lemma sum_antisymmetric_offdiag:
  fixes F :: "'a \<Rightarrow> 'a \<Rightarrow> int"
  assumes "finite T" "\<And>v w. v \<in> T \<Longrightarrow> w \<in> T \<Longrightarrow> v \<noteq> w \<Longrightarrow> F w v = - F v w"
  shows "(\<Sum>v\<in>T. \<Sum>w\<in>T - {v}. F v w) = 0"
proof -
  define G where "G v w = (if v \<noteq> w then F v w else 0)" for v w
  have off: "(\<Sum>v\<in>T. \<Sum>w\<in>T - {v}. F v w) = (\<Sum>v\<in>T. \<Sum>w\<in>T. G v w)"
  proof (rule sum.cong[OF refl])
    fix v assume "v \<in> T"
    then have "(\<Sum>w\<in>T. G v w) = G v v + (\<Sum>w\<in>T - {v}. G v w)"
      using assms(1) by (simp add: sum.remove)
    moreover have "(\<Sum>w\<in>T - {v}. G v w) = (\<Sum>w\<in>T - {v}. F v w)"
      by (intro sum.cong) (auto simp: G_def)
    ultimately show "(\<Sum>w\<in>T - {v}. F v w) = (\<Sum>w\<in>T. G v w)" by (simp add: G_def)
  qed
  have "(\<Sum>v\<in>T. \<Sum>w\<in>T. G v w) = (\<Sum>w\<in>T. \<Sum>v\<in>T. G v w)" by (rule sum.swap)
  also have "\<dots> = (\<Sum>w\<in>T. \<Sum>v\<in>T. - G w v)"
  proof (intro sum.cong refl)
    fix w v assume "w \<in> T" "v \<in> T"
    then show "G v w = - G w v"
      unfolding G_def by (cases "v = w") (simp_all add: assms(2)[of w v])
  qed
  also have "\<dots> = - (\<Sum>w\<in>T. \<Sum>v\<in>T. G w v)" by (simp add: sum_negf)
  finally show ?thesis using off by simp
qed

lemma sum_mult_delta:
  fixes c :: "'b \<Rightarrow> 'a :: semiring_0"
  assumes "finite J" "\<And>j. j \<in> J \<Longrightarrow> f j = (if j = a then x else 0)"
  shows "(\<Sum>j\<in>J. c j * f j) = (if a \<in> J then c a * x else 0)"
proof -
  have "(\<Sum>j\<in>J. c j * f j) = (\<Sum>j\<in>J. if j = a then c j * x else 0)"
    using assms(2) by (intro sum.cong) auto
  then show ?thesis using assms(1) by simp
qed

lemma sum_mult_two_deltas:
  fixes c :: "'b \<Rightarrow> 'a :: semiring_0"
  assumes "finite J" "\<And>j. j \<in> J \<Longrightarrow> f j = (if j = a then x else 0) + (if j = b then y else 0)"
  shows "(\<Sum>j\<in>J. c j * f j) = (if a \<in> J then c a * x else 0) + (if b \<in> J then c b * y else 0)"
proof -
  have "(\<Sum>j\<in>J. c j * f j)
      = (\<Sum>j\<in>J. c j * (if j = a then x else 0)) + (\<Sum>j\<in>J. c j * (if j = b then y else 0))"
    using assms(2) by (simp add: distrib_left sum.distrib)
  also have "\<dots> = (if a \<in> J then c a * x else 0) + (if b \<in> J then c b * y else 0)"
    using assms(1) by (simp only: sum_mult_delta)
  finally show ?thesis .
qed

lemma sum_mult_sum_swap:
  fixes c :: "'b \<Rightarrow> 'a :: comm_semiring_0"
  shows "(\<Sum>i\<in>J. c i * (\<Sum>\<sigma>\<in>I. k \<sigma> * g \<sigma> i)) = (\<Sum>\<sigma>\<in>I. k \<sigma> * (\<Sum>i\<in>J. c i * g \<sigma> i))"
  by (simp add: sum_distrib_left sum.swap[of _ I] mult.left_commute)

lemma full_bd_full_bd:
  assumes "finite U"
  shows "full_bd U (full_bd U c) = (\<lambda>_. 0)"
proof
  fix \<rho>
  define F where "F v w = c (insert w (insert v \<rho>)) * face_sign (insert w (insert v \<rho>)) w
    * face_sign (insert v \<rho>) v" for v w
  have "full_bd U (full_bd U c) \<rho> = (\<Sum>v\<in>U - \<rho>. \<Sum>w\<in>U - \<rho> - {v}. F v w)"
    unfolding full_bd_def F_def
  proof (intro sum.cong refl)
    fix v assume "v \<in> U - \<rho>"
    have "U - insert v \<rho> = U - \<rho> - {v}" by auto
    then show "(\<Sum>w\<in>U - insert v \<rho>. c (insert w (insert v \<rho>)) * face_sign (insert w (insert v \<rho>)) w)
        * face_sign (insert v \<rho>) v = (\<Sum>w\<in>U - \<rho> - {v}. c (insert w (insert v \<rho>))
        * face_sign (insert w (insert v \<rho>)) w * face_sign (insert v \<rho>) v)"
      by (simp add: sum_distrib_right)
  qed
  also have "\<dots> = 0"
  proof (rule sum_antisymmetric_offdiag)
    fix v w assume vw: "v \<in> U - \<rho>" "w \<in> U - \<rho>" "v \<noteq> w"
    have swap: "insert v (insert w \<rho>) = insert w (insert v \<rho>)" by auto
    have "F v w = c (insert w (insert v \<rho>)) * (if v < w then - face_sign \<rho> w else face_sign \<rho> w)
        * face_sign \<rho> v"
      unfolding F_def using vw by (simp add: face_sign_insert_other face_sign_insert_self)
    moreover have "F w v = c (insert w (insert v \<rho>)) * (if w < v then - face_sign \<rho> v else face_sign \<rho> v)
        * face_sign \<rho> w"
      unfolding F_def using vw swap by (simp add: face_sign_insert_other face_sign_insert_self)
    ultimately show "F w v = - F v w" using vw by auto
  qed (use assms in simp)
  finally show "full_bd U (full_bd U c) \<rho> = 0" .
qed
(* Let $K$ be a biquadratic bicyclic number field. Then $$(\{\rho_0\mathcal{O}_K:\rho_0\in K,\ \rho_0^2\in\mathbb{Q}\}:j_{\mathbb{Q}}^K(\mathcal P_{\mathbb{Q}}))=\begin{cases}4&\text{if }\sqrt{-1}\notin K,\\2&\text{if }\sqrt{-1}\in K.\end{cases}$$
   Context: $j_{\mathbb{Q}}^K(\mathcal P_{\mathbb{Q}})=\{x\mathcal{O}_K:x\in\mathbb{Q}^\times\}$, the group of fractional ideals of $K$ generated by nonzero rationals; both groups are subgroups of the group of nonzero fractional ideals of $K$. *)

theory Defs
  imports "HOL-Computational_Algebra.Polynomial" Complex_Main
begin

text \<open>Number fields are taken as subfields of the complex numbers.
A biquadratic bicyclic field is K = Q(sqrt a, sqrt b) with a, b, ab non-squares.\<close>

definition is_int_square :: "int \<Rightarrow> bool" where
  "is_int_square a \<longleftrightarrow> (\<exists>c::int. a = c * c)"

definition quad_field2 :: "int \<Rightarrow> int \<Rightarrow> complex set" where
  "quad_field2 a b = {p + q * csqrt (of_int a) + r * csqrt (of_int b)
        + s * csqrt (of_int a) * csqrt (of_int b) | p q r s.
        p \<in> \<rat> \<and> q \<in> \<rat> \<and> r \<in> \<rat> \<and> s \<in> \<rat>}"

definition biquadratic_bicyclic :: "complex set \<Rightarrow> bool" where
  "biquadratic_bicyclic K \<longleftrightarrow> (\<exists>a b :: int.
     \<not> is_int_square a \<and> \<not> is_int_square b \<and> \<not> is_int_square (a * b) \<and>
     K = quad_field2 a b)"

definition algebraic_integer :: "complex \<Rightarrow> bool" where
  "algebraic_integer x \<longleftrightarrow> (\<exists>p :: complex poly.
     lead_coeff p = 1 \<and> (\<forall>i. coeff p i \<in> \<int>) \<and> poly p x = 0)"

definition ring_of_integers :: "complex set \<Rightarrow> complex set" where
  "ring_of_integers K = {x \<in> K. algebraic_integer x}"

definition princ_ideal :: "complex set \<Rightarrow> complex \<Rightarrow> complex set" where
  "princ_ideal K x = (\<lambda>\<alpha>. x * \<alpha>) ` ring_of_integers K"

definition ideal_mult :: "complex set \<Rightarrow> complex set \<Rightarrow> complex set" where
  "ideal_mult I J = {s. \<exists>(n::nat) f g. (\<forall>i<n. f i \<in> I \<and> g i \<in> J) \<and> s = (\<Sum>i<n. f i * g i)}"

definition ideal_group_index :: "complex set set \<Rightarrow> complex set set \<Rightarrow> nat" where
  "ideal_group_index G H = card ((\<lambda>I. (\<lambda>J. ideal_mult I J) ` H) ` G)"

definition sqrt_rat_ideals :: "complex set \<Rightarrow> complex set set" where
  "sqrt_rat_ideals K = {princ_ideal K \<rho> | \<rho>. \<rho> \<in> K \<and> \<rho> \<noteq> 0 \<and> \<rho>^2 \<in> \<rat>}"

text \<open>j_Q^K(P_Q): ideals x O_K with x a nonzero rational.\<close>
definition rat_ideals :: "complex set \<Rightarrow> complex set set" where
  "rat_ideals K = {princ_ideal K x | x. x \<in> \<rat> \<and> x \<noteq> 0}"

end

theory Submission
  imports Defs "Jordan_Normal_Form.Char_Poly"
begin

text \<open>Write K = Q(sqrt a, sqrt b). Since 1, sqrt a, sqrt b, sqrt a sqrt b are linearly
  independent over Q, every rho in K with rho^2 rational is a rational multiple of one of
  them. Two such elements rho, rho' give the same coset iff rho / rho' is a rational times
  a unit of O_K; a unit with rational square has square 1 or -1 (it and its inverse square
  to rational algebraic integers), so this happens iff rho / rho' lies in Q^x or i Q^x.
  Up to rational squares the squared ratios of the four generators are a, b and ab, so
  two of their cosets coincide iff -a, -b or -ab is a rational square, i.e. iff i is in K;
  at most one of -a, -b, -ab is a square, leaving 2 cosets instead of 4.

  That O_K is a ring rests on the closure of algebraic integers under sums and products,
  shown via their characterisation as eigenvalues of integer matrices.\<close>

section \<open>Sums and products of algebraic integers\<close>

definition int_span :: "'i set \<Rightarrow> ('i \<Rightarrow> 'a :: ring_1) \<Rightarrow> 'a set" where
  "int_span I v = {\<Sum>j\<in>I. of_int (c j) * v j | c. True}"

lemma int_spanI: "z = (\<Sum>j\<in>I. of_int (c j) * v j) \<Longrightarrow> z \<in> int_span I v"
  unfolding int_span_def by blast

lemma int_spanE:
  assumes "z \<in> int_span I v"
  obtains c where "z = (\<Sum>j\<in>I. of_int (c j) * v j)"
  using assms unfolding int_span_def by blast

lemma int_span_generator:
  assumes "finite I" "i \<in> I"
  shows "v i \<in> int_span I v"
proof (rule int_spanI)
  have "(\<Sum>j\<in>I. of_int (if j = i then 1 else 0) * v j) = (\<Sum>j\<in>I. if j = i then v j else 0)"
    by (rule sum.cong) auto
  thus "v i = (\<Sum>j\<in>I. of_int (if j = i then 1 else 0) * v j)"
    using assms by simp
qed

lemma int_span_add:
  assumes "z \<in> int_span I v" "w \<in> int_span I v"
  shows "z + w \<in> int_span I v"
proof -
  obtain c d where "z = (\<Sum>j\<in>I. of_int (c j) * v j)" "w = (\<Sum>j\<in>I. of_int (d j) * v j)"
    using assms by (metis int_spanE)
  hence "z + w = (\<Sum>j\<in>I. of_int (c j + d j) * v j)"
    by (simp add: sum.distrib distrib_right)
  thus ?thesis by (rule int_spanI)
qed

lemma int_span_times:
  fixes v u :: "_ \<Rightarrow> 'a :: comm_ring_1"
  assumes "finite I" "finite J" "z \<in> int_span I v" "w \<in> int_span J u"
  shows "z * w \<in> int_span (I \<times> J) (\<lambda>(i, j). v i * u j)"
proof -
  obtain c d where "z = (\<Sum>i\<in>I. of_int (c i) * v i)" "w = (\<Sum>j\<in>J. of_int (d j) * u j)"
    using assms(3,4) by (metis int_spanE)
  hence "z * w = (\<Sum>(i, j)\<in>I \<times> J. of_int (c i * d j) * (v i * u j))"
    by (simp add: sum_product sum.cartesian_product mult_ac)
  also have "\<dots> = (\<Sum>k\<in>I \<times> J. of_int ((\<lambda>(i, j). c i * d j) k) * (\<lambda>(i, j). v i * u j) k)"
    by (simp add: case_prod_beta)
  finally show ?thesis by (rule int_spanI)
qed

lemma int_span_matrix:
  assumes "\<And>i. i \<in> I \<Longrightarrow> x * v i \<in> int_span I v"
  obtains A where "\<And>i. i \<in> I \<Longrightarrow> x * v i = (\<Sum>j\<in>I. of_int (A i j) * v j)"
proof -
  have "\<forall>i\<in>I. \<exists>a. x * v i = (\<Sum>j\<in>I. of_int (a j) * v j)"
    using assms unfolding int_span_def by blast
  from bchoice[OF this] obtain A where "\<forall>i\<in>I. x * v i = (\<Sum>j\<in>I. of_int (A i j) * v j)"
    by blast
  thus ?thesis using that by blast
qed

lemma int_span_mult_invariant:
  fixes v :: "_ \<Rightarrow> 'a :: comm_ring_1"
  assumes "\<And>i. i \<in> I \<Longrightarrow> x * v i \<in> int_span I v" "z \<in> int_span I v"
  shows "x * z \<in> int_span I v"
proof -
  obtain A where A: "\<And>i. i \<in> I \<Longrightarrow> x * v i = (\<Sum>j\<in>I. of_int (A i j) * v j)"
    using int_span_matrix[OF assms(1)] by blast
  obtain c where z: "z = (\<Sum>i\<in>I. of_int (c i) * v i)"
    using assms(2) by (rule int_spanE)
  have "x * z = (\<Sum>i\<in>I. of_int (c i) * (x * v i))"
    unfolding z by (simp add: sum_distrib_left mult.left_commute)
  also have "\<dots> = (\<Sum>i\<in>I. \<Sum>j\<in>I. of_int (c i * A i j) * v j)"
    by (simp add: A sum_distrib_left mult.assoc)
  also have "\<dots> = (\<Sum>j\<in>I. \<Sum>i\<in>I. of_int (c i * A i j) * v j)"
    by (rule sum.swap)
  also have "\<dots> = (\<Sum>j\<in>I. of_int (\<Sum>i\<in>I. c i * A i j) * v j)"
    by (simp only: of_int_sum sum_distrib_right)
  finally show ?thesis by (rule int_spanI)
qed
+ + +
- BRIEF -
Would you please return all lines of the data that include the word "exists"?

- EXERCISE SOLUTION -
  "is_int_square a \<longleftrightarrow> (\<exists>c::int. a = c * c)"
  "biquadratic_bicyclic K \<longleftrightarrow> (\<exists>a b :: int.
  "algebraic_integer x \<longleftrightarrow> (\<exists>p :: complex poly.
  "ideal_mult I J = {s. \<exists>(n::nat) f g. (\<forall>i<n. f i \<in> I \<and> g i \<in> J) \<and> s = (\<Sum>i<n. f i * g i)}"
  have "\<forall>i\<in>I. \<exists>a. x * v i = (\<Sum>j\<in>I. of_int (a j) * v j)"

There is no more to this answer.